The COSPAS-SARSAT Beacon is a disaster relief communications support program that aims to activate search and rescue signals to countries and agencies by activating 406 MHz beacons in critical situations. However, it does not carry out rescue work directly and only provides warning data to international organizations or national administrative bodies. Previously, low orbit satellites and stationary orbits were used as repeaters, and they were operated together with first generation beacons.

COSPAS-SARSAT consists of beacons, signal repeaters and processors, reception and signal processing ground stations (LUTs), a mission coordination center (MCC) that distributes rescue data to rescue centers, and a rescue coordination center (RCC) that responds to real situations.

Second-generation beacons include a GNSS receiver and send their location information when they emit a signal. The ground station estimates the position of the beacon by decoding the data bit of the signal or using the TDOA and FDOA of the received signals.

However, the existing algorithm for decoding the data bit or estimating the TDOA and FDOA of the received signals is performed based on the published PRN code and the preamble message of the data bit, so if the beacon signal is encrypted or the PRN code is changed for a special purpose. There is a problem in that the location of the beacon cannot be estimated.

Accordingly, the present invention is to solve the problems described above, the location of the beacon signal is encrypted or for special purpose in the ground station estimating the position of the beacon even if the code of the beacon signal is unknown from the ground station Make it possible.
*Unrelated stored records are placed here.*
(* Let $\gamma\in\Gamma$ and $n,n'\in\mathbb{N}_+$. Then $\max\{\mathcal{H}_{n'}(\mathcal{S}_h):h\in\mathrm{RL}(n,n')\}\preceq\gamma_{\min(n',n),n'}$.
   Context: $\sigma(x)=\max(0,x)$; $\mathrm{RL}(n,n')$ ($n,n'\in\mathbb{N}_+$) is the set of maps $h:\mathbb{R}^n\to\mathbb{R}^{n'}$, $h(x)_i=\sigma(\langle x,w_i\rangle+b_i)$ for some $W\in\mathbb{R}^{n'\times n}$ with rows $w_i$, $b\in\mathbb{R}^{n'}$; convention: $\mathrm{RL}(0,n')$ are constant maps $\{0\}\to\mathbb{R}^{n'}$ with $\mathcal{H}_{n'}(\mathcal{S}_h)={\rm e}_0$. $S_h(x)_i=1$ iff $\langle x,w_i\rangle+b_i>0$ else $0$; $\mathcal{S}_h=\{S_h(x):x\in\mathbb{R}^n\}$; $|s|=\sum_is_i$. $V$: sequences $(v_j)_{j\in\mathbb{N}}$ of nonnegative integers with finite sum; ${\rm e}_i$ has $({\rm e}_i)_j=\delta_{ij}$; $v\preceq w$ iff $\sum_{j\ge J}v_j\le\sum_{j\ge J}w_j$ for all $J\in\mathbb{N}$; for a finite family, $\max_i(v^{(i)})_J=\max_i\sum_{j\ge J}v^{(i)}_j-\max_i\sum_{j\ge J+1}v^{(i)}_j$. $\mathcal{H}_{n'}(\mathcal{S})=(|\{s\in\mathcal{S}:|s|=j\}|)_j$. $\Gamma$: families $(\gamma_{n,n'})_{n'\in\mathbb{N}_+,n\in\{0,\dots,n'\}}$ in $V$ with (i) $\max\{\mathcal{H}_{n'}(\mathcal{S}_h):h\in\mathrm{RL}(n,n')\}\preceq\gamma_{n,n'}$ for all $n'\in\mathbb{N}_+$, $n\in\{0,\dots,n'\}$, (ii) $n\le\tilde n\le n'\Rightarrow\gamma_{n,n'}\preceq\gamma_{\tilde n,n'}$. *)

theory Defs
  imports Complex_Main
begin

text \<open>Elements of V: sequences of nonnegative integers indexed by nat with finite sum
  (equivalently, finite support).\<close>
definition inV :: "(nat \<Rightarrow> nat) \<Rightarrow> bool" where
  "inV v \<longleftrightarrow> finite {j. v j \<noteq> 0}"

definition unitV :: "nat \<Rightarrow> (nat \<Rightarrow> nat)" where
  "unitV i = (\<lambda>j. if j = i then 1 else 0)"

definition tailV :: "(nat \<Rightarrow> nat) \<Rightarrow> nat \<Rightarrow> nat" where
  "tailV v J = (\<Sum>j\<in>{j. J \<le> j \<and> v j \<noteq> 0}. v j)"

definition precV :: "(nat \<Rightarrow> nat) \<Rightarrow> (nat \<Rightarrow> nat) \<Rightarrow> bool" where
  "precV v w \<longleftrightarrow> (\<forall>J. tailV v J \<le> tailV w J)"

text \<open>Maximum of a finite (nonempty) family of elements of V.\<close>
definition maxV :: "(nat \<Rightarrow> nat) set \<Rightarrow> (nat \<Rightarrow> nat)" where
  "maxV A = (\<lambda>J. Max ((\<lambda>v. tailV v J) ` A) - Max ((\<lambda>v. tailV v (Suc J)) ` A))"

definition actPattern :: "nat \<Rightarrow> nat \<Rightarrow> (nat \<Rightarrow> nat \<Rightarrow> real) \<Rightarrow> (nat \<Rightarrow> real) \<Rightarrow> (nat \<Rightarrow> real) \<Rightarrow> (nat \<Rightarrow> nat)" where
  "actPattern n n' W b x = (\<lambda>i. if i < n' \<and> (\<Sum>k<n. W i k * x k) + b i > 0 then 1 else 0)"

definition actPatterns :: "nat \<Rightarrow> nat \<Rightarrow> (nat \<Rightarrow> nat \<Rightarrow> real) \<Rightarrow> (nat \<Rightarrow> real) \<Rightarrow> (nat \<Rightarrow> nat) set" where
  "actPatterns n n' W b = {actPattern n n' W b x | x. \<forall>k. n \<le> k \<longrightarrow> x k = 0}"

definition patSize :: "nat \<Rightarrow> (nat \<Rightarrow> nat) \<Rightarrow> nat" where
  "patSize n' s = (\<Sum>i<n'. s i)"

definition histH :: "nat \<Rightarrow> (nat \<Rightarrow> nat) set \<Rightarrow> (nat \<Rightarrow> nat)" where
  "histH n' S = (\<lambda>j. card {s\<in>S. patSize n' s = j})"

definition RLhists :: "nat \<Rightarrow> nat \<Rightarrow> (nat \<Rightarrow> nat) set" where
  "RLhists n n' = (if n = 0 then {unitV 0}
     else {histH n' (actPatterns n n' W b) | W b. True})"

definition GammaSet :: "(nat \<Rightarrow> nat \<Rightarrow> (nat \<Rightarrow> nat)) set" where
  "GammaSet = {\<gamma>. (\<forall>n'\<ge>1. \<forall>n\<le>n'. inV (\<gamma> n n'))
     \<and> (\<forall>n'\<ge>1. \<forall>n\<le>n'. precV (maxV (RLhists n n')) (\<gamma> n n'))
     \<and> (\<forall>n'\<ge>1. \<forall>n m. n \<le> m \<and> m \<le> n' \<longrightarrow> precV (\<gamma> n n') (\<gamma> m n'))}"

end

theory Submission
  imports Defs "HOL-Combinatorics.Permutations"
begin

text \<open>For \<open>n \<le> n'\<close> the claim is property (i) of \<open>\<Gamma>\<close>. For \<open>n > n'\<close>, the activation
  pattern of \<open>h(x) = \<sigma>(Wx + b)\<close> depends on \<open>x\<close> only through \<open>Wx\<close>, which ranges over the column
  space of the \<open>n' \<times> n\<close> matrix \<open>W\<close>. More than \<open>n'\<close> vectors with \<open>n'\<close> coordinates are linearly dependent,
  so dropping dependent columns one at a time yields an \<open>n' \<times> n'\<close> matrix with the same column
  space, hence the same set of patterns. Thus \<open>RL(n,n')\<close> and \<open>RL(n',n')\<close> realise the same
  histograms, and property (i) at \<open>(n',n')\<close> applies.\<close>

lemma nontrivial_relation_if_card_gt:
  fixes v :: "nat \<Rightarrow> nat \<Rightarrow> real"
  assumes "finite K" and "n' < card K"
  shows "\<exists>c. (\<exists>k\<in>K. c k \<noteq> 0) \<and> (\<forall>i<n'. (\<Sum>k\<in>K. c k * v k i) = 0)"
  using assms
proof (induction n' arbitrary: K v)
  case 0
  then obtain k where "k \<in> K" by fastforce
  then show ?case by (intro exI[of _ "\<lambda>_. 1"]) auto
next
  case (Suc n K v)
  show ?case
  proof (cases "\<forall>k\<in>K. v k n = 0")
    case True
    with Suc show ?thesis by (fastforce simp: less_Suc_eq)
  next
    case False
    txt \<open>Gaussian elimination: use the pivot \<open>p\<close> to clear coordinate \<open>n\<close> of the other vectors,
      recurse on them, and give \<open>p\<close> the coefficient that cancels coordinate \<open>n\<close>.\<close>
    then obtain p where p: "p \<in> K" "v p n \<noteq> 0" by auto
    define K' where "K' = K - {p}"
    have "finite K'" "n < card K'"
      using Suc.prems p by (auto simp: K'_def)
    from Suc.IH[OF this, of "\<lambda>k i. v k i - v k n / v p n * v p i"]
    obtain c' where c'_nonzero: "\<exists>k\<in>K'. c' k \<noteq> 0"
      and c'_rel: "\<And>i. i < n \<Longrightarrow>
        (\<Sum>k\<in>K'. c' k * v k i) - (\<Sum>k\<in>K'. c' k * v k n) / v p n * v p i = 0"
      by (auto simp: algebra_simps sum_subtractf sum_distrib_left sum_divide_distrib
          sum_distrib_right)
    define c where "c k = (if k = p then - (\<Sum>k\<in>K'. c' k * v k n) / v p n else c' k)" for k
    have sum_K: "(\<Sum>k\<in>K. c k * v k i) = c p * v p i + (\<Sum>k\<in>K'. c' k * v k i)" for i
    proof -
      have "(\<Sum>k\<in>K. c k * v k i) = c p * v p i + (\<Sum>k\<in>K'. c k * v k i)"
        using p Suc.prems(1) by (simp add: K'_def sum.remove)
      also have "(\<Sum>k\<in>K'. c k * v k i) = (\<Sum>k\<in>K'. c' k * v k i)"
        by (rule sum.cong) (auto simp: c_def K'_def)
      finally show ?thesis .
    qed
    have "(\<Sum>k\<in>K. c k * v k i) = 0" if "i < Suc n" for i
    proof (cases "i = n")
      case True
      with p(2) show ?thesis by (simp only: sum_K) (simp add: c_def)
    next
      case False
      with that c'_rel[of i] show ?thesis by (simp only: sum_K) (simp add: c_def)
    qed
    moreover have "\<exists>k\<in>K. c k \<noteq> 0"
      using c'_nonzero by (auto simp: c_def K'_def)
    ultimately show ?thesis by blast
  qed
qed

definition colspace :: "nat \<Rightarrow> nat \<Rightarrow> (nat \<Rightarrow> nat \<Rightarrow> real) \<Rightarrow> (nat \<Rightarrow> real) set" where
  "colspace m n' W = {(\<lambda>i. if i < n' then (\<Sum>k<m. W i k * x k) else 0) | x. True}"

lemma colspace_memI: "(\<lambda>i. if i < n' then (\<Sum>k<m. W i k * x k) else 0) \<in> colspace m n' W"
  unfolding colspace_def by blast

lemma actPatterns_subset_if_colspace_eq:
  assumes "colspace m n' W = colspace m' n' W'"
  shows "actPatterns m n' W b \<subseteq> actPatterns m' n' W' b"
proof
  fix s assume "s \<in> actPatterns m n' W b"
  then obtain x where s: "s = actPattern m n' W b x" unfolding actPatterns_def by auto
  have "(\<lambda>i. if i < n' then (\<Sum>k<m. W i k * x k) else 0) \<in> colspace m' n' W'"
    using assms unfolding colspace_def by blast
  then obtain y where y: "(\<lambda>i. if i < n' then (\<Sum>k<m. W i k * x k) else 0)
      = (\<lambda>i. if i < n' then (\<Sum>k<m'. W' i k * y k) else 0)"
    unfolding colspace_def by auto
  define y' where "y' k = (if k < m' then y k else 0)" for k
  have "(\<Sum>k<m'. W' i k * y' k) = (\<Sum>k<m. W i k * x k)" if "i < n'" for i
  proof -
    have "(\<Sum>k<m'. W' i k * y' k) = (\<Sum>k<m'. W' i k * y k)"
      by (rule sum.cong) (auto simp: y'_def)
    also have "\<dots> = (\<Sum>k<m. W i k * x k)"
      using fun_cong[OF y, of i] that by simp
    finally show ?thesis .
  qed
  then have "s = actPattern m' n' W' b y'"
    by (auto simp: s actPattern_def)
  moreover have "\<forall>k. m' \<le> k \<longrightarrow> y' k = 0" by (simp add: y'_def)
  ultimately show "s \<in> actPatterns m' n' W' b" unfolding actPatterns_def by blast
qed

lemma actPatterns_eq_if_colspace_eq:
  "colspace m n' W = colspace m' n' W' \<Longrightarrow> actPatterns m n' W b = actPatterns m' n' W' b"
  by (metis actPatterns_subset_if_colspace_eq subset_antisym)

lemma colspace_permute_columns_subset:
  assumes "\<pi> permutes {..<m}"
  shows "colspace m n' (\<lambda>i k. W i (\<pi> k)) \<subseteq> colspace m n' W"
proof
  fix f assume "f \<in> colspace m n' (\<lambda>i k. W i (\<pi> k))"
  then obtain x where f: "f = (\<lambda>i. if i < n' then (\<Sum>k<m. W i (\<pi> k) * x k) else 0)"
    unfolding colspace_def by auto
  have "(\<Sum>k<m. W i (\<pi> k) * x k) = (\<Sum>k<m. W i k * (x \<circ> inv \<pi>) k)" for i
    using sum.permute[OF permutes_inv[OF assms], of "\<lambda>k. W i (\<pi> k) * x k"]
    by (simp add: permutes_inverses[OF assms])
  then show "f \<in> colspace m n' W"
    unfolding f by (simp only: colspace_memI)
qed

lemma colspace_permute_columns:
  assumes "\<pi> permutes {..<m}"
  shows "colspace m n' (\<lambda>i k. W i (\<pi> k)) = colspace m n' W"
  using colspace_permute_columns_subset[OF assms]
    colspace_permute_columns_subset[OF permutes_inv[OF assms], of n' "\<lambda>i k. W i (\<pi> k)"]
  by (auto simp: permutes_inverses[OF assms])

lemma colspace_drop_dependent_column:
  assumes "\<And>i. i < n' \<Longrightarrow> W i m = (\<Sum>k<m. d k * W i k)"
  shows "colspace (Suc m) n' W = colspace m n' W"
proof
  show "colspace (Suc m) n' W \<subseteq> colspace m n' W"
  proof
    fix f assume "f \<in> colspace (Suc m) n' W"
    then obtain x where f: "f = (\<lambda>i. if i < n' then (\<Sum>k<Suc m. W i k * x k) else 0)"
      unfolding colspace_def by auto
    have "(\<Sum>k<Suc m. W i k * x k) = (\<Sum>k<m. W i k * (x k + x m * d k))" if "i < n'" for i
      using assms[OF that] by (simp add: algebra_simps sum.distrib sum_distrib_left)
    then have "f = (\<lambda>i. if i < n' then (\<Sum>k<m. W i k * (\<lambda>k. x k + x m * d k) k) else 0)"
      by (auto simp: f)
    then show "f \<in> colspace m n' W" by (simp only: colspace_memI)
  qed
  show "colspace m n' W \<subseteq> colspace (Suc m) n' W"
  proof
    fix f assume "f \<in> colspace m n' W"
    then obtain x where f: "f = (\<lambda>i. if i < n' then (\<Sum>k<m. W i k * x k) else 0)"
      unfolding colspace_def by auto
    have "(\<Sum>k<Suc m. W i k * (x(m := 0)) k) = (\<Sum>k<m. W i k * x k)" for i
      by simp
    then have "f = (\<lambda>i. if i < n' then (\<Sum>k<Suc m. W i k * (x(m := 0)) k) else 0)"
      by (simp only: f)
    then show "f \<in> colspace (Suc m) n' W" by (simp only: colspace_memI)
  qed
qed

lemma colspace_eq_square:
  assumes "n' \<le> m"
  shows "\<exists>W'. colspace m n' W = colspace n' n' W'"
  using assms
proof (induction m arbitrary: W)
  case 0
  then show ?case by auto
next
  case (Suc m W)
  show ?case
  proof (cases "n' = Suc m")
    case True
    then show ?thesis by auto
  next
    case False
    with Suc.prems have "n' \<le> m" by simp
    then obtain c p where p: "p < Suc m" "c p \<noteq> 0"
      and rel: "\<And>i. i < n' \<Longrightarrow> (\<Sum>k<Suc m. c k * W i k) = 0"
      using nontrivial_relation_if_card_gt[of "{..<Suc m}" n' "\<lambda>k i. W i k"] by auto
    let ?\<pi> = "transpose p m"
    have \<pi>: "?\<pi> permutes {..<Suc m}"
      using p(1) by (simp add: permutes_swap_id)
    define W\<^sub>\<pi> where "W\<^sub>\<pi> i k = W i (?\<pi> k)" for i k
    have "W\<^sub>\<pi> i m = (\<Sum>k<m. (- c (?\<pi> k) / c p) * W\<^sub>\<pi> i k)" if "i < n'" for i
    proof -
      have "0 = (\<Sum>k<Suc m. c (?\<pi> k) * W\<^sub>\<pi> i k)"
        using rel[OF that] sum.permute[OF \<pi>, of "\<lambda>k. c k * W i k"] by (simp add: W\<^sub>\<pi>_def)
      also have "\<dots> = (\<Sum>k<m. c (?\<pi> k) * W\<^sub>\<pi> i k) + c p * W\<^sub>\<pi> i m" by simp
      finally show ?thesis
        using p(2) by (simp add: sum_divide_distrib[symmetric] sum_negf field_simps)
    qed
    then have "colspace (Suc m) n' W\<^sub>\<pi> = colspace m n' W\<^sub>\<pi>"
      by (rule colspace_drop_dependent_column)
    moreover have "colspace (Suc m) n' W\<^sub>\<pi> = colspace (Suc m) n' W"
      unfolding W\<^sub>\<pi>_def by (rule colspace_permute_columns[OF \<pi>])
    moreover obtain W' where "colspace m n' W\<^sub>\<pi> = colspace n' n' W'"
      using Suc.IH \<open>n' \<le> m\<close> by blast
    ultimately show ?thesis by auto
  qed
qed

lemma colspace_pad_columns:
  assumes "m \<le> n"
  shows "colspace n n' (\<lambda>i k. if k < m then W i k else 0) = colspace m n' W"
proof -
  have "(\<Sum>k<n. (if k < m then W i k else 0) * x k) = (\<Sum>k<m. W i k * x k)" for i x
  proof -
    have "(\<Sum>k<n. (if k < m then W i k else 0) * x k) = (\<Sum>k<m. (if k < m then W i k else 0) * x k)"
      by (rule sum.mono_neutral_right) (use assms in auto)
    then show ?thesis by simp
  qed
  then show ?thesis by (simp only: colspace_def)
qed

lemma RLhists_eq_square:
  assumes "n' \<le> n" and "1 \<le> n'"
  shows "RLhists n n' = RLhists n' n'"
proof
  show "RLhists n n' \<subseteq> RLhists n' n'"
  proof
    fix h assume "h \<in> RLhists n n'"
    then obtain W b where h: "h = histH n' (actPatterns n n' W b)"
      using assms unfolding RLhists_def by auto
    obtain W' where "colspace n n' W = colspace n' n' W'"
      using colspace_eq_square[OF assms(1)] by blast
    with h have "h = histH n' (actPatterns n' n' W' b)"
      using actPatterns_eq_if_colspace_eq by metis
    then show "h \<in> RLhists n' n'" using assms unfolding RLhists_def by auto
  qed
  show "RLhists n' n' \<subseteq> RLhists n n'"
  proof
    fix h assume "h \<in> RLhists n' n'"
    then obtain W b where "h = histH n' (actPatterns n' n' W b)"
      using assms unfolding RLhists_def by auto
    then have "h = histH n' (actPatterns n n' (\<lambda>i k. if k < n' then W i k else 0) b)"
      using actPatterns_eq_if_colspace_eq[OF colspace_pad_columns[OF assms(1)]] by simp
    then show "h \<in> RLhists n n'" using assms unfolding RLhists_def by auto
  qed
qed

theorem mainTheorem5:
  fixes \<gamma> :: "nat \<Rightarrow> nat \<Rightarrow> (nat \<Rightarrow> nat)" and n n' :: nat
  assumes "\<gamma> \<in> GammaSet" and "1 \<le> n" and "1 \<le> n'"
  shows "precV (maxV (RLhists n n')) (\<gamma> (min n' n) n')"
proof -
  have "RLhists n n' = RLhists (min n' n) n'"
    using RLhists_eq_square[of n' n] assms(3) by (cases "n' \<le> n") (simp_all add: min_def)
  moreover have "precV (maxV (RLhists (min n' n) n')) (\<gamma> (min n' n) n')"
    using assms(1,3) unfolding GammaSet_def by simp
  ultimately show ?thesis by simp
qed

end
(* Consider a finite MDP with states $\mathcal{X}=\{1,\dots,n\}$, finite action set $\mathcal{A}$, costs $c(i,a)$, discount factor $\vartheta\in(0,1)$, a policy $\pi:\mathcal{X}\to\mathcal{A}$, uncertainty sets $\mathcal{P}^a_i$, proxy uncertainty sets $\widehat{\mathcal{P}^a_i}$, exploration matrix $P^{\widehat{\pi}}$ with stationary distribution $\xi$ and feature matrix $\Phi\in\mathbb{R}^{n\times d}$ as in the context. Suppose there is $\alpha\in(0,1)$ with $\vartheta p_j\le\alpha P^{\widehat{\pi}}_{ij}$ for all $i,j\in\mathcal{X}$, $a\in\mathcal{A}$, $p\in\mathcal{P}^a_i$; let $\beta^a_i:=\max_{y\in\widehat{U^a_i}}\min_{x\in U^a_i}\|y-x\|_\xi/\xi_{\min}$, $\beta:=\max_{i}\beta^{\pi(i)}_i$, and assume $\alpha^2+\vartheta^2\beta^2<\tfrac12$. Let $\widetilde{v}_\pi\in\mathbb{R}^n$ satisfy $\Pi\widehat{T}_\pi\widetilde{v}_\pi=\widetilde{v}_\pi$ and let $v_\pi\in\mathbb{R}^n$ satisfy $T_\pi v_\pi=v_\pi$. Then \[ \|\widetilde{v}_\pi-v_\pi\|_\xi\le\frac{\vartheta\beta\|v_\pi\|_\xi+\|\Pi v_\pi-v_\pi\|_\xi}{1-\sqrt{2(\alpha^2+\vartheta^2\beta^2)}} . \] In particular, if $\beta^{\pi(i)}_i=0$ for all $i$ (the proxy confidence regions equal the true ones), then $\|\widetilde{v}_\pi-v_\pi\|_\xi\le\dfrac{\|\Pi v_\pi-v_\pi\|_\xi}{1-\alpha}$.
   Context: For each $i\in\mathcal{X},a\in\mathcal{A}$: $p^a_i\in\Delta_n$ is the nominal transition probability vector; $U^a_i\subseteq\mathbb{R}^n$ is a nonempty compact confidence region with $\mathcal{P}^a_i:=\{p^a_i+x\mid x\in U^a_i\}\subseteq\Delta_n$; $\widehat{U^a_i}\supseteq U^a_i$ is a nonempty compact proxy region and $\widehat{\mathcal{P}^a_i}:=\{p^a_i+y\mid y\in\widehat{U^a_i}\}$. $\sigma_S(v):=\sup_{s\in S}s^\top v$. Robust Bellman operator: $(T_\pi v)(i):=c(i,\pi(i))+\vartheta\,\sigma_{\mathcal{P}^{\pi(i)}_i}(v)$; proxy robust Bellman operator: $(\widehat{T}_\pi v)(i):=c(i,\pi(i))+\vartheta\,\sigma_{\widehat{\mathcal{P}^{\pi(i)}_i}}(v)$. $P^{\widehat{\pi}}$ is the $n\times n$ transition matrix of the exploration policy, $\xi$ its steady-state distribution with all entries positive, $\xi_{\min}=\min_i\xi_i$, $\|x\|_\xi:=(\sum_i\xi_ix_i^2)^{1/2}$, and $\Pi$ is the $\|\cdot\|_\xi$-orthogonal projection onto $S:=\{\Phi\theta\mid\theta\in\mathbb{R}^d\}$. *)

theory Defs
  imports "HOL-Analysis.Analysis"
begin
(* Let $(X,f)$ be a dynamical system. If $(X,f)$ is $\Delta$-transitive, then for every $r\in\mathbb{N}$ and every $\mathbf{a}\in\mathbb{N}^r_*$, the system $(X^r,f^{(\mathbf{a})})$ is also $\Delta$-transitive.
   Context: A dynamical system is a pair $(X,f)$ with $X$ a compact metric space and $f:X\to X$ continuous. $\mathbb{N}=\{1,2,\dots\}$; $\mathbb{N}^r_*=\{(n_1,\dots,n_r)\in\mathbb{N}^r: n_1<n_2<\dots<n_r\}$. For a system $(Y,g)$, a point $y$ is a transitive point if its $\omega$-limit set $\omega(y,g)$ equals $Y$. For $\mathbf{a}\in\mathbb{N}^r$, $f^{(\mathbf{a})}=f^{a_1}\times\dots\times f^{a_r}:X^r\to X^r$. $(X,f)$ is $\Delta$-$\mathbf{a}$-transitive if there is $x\in X$ such that $(x,\dots,x)$ is a transitive point of $(X^r,f^{(\mathbf{a})})$; $(X,f)$ is $\Delta$-transitive if it is $\Delta$-$(1,2,\dots,n)$-transitive for every $n\in\mathbb{N}$. (The same notions apply to the system $(X^r,f^{(\mathbf{a})})$ in place of $(X,f)$.) *)

theory Defs
  imports "HOL-Analysis.Analysis"
begin

text \<open>Points of the r-fold product Y^r are represented as extensional functions
  on the index set {..<r} (i.e. elements of PiE {..<r} (\<lambda>_. Y)), carrying the
  product topology inherited from the function type.\<close>

definition prod_space :: "nat \<Rightarrow> 'b set \<Rightarrow> (nat \<Rightarrow> 'b) set" where
  "prod_space r Y = PiE {..<r} (\<lambda>_. Y)"

definition diag :: "nat \<Rightarrow> 'b \<Rightarrow> (nat \<Rightarrow> 'b)" where
  "diag r y = (\<lambda>i\<in>{..<r}. y)"

text \<open>g^(a) = g^{a_1} x ... x g^{a_r} (indices shifted to 0..r-1).\<close>
definition prod_map :: "nat \<Rightarrow> (nat \<Rightarrow> nat) \<Rightarrow> ('b \<Rightarrow> 'b) \<Rightarrow> (nat \<Rightarrow> 'b) \<Rightarrow> (nat \<Rightarrow> 'b)" where
  "prod_map r a g = (\<lambda>z. \<lambda>i\<in>{..<r}. (g ^^ a i) (z i))"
In addition, in order to solve the problem, the amount of calculation increases rapidly in order to increase the position estimation capability, and its purpose is to provide a method for solving the problem.

According to an embodiment of the present invention for solving the above-mentioned problem, a COSPS-SARRT beacon position estimation system for receiving a signal of a beacon for beacons, the received signal is calculated, and using the operation value of the beacon signal It may include a calculation unit for checking the presence and similarity and a location estimation for estimating the location of the gourmet beacons using the calculation value.

According to an embodiment of the present disclosure, the calculator may periodically calculate the signal using a cross ambiguity function (CAF) algorithm.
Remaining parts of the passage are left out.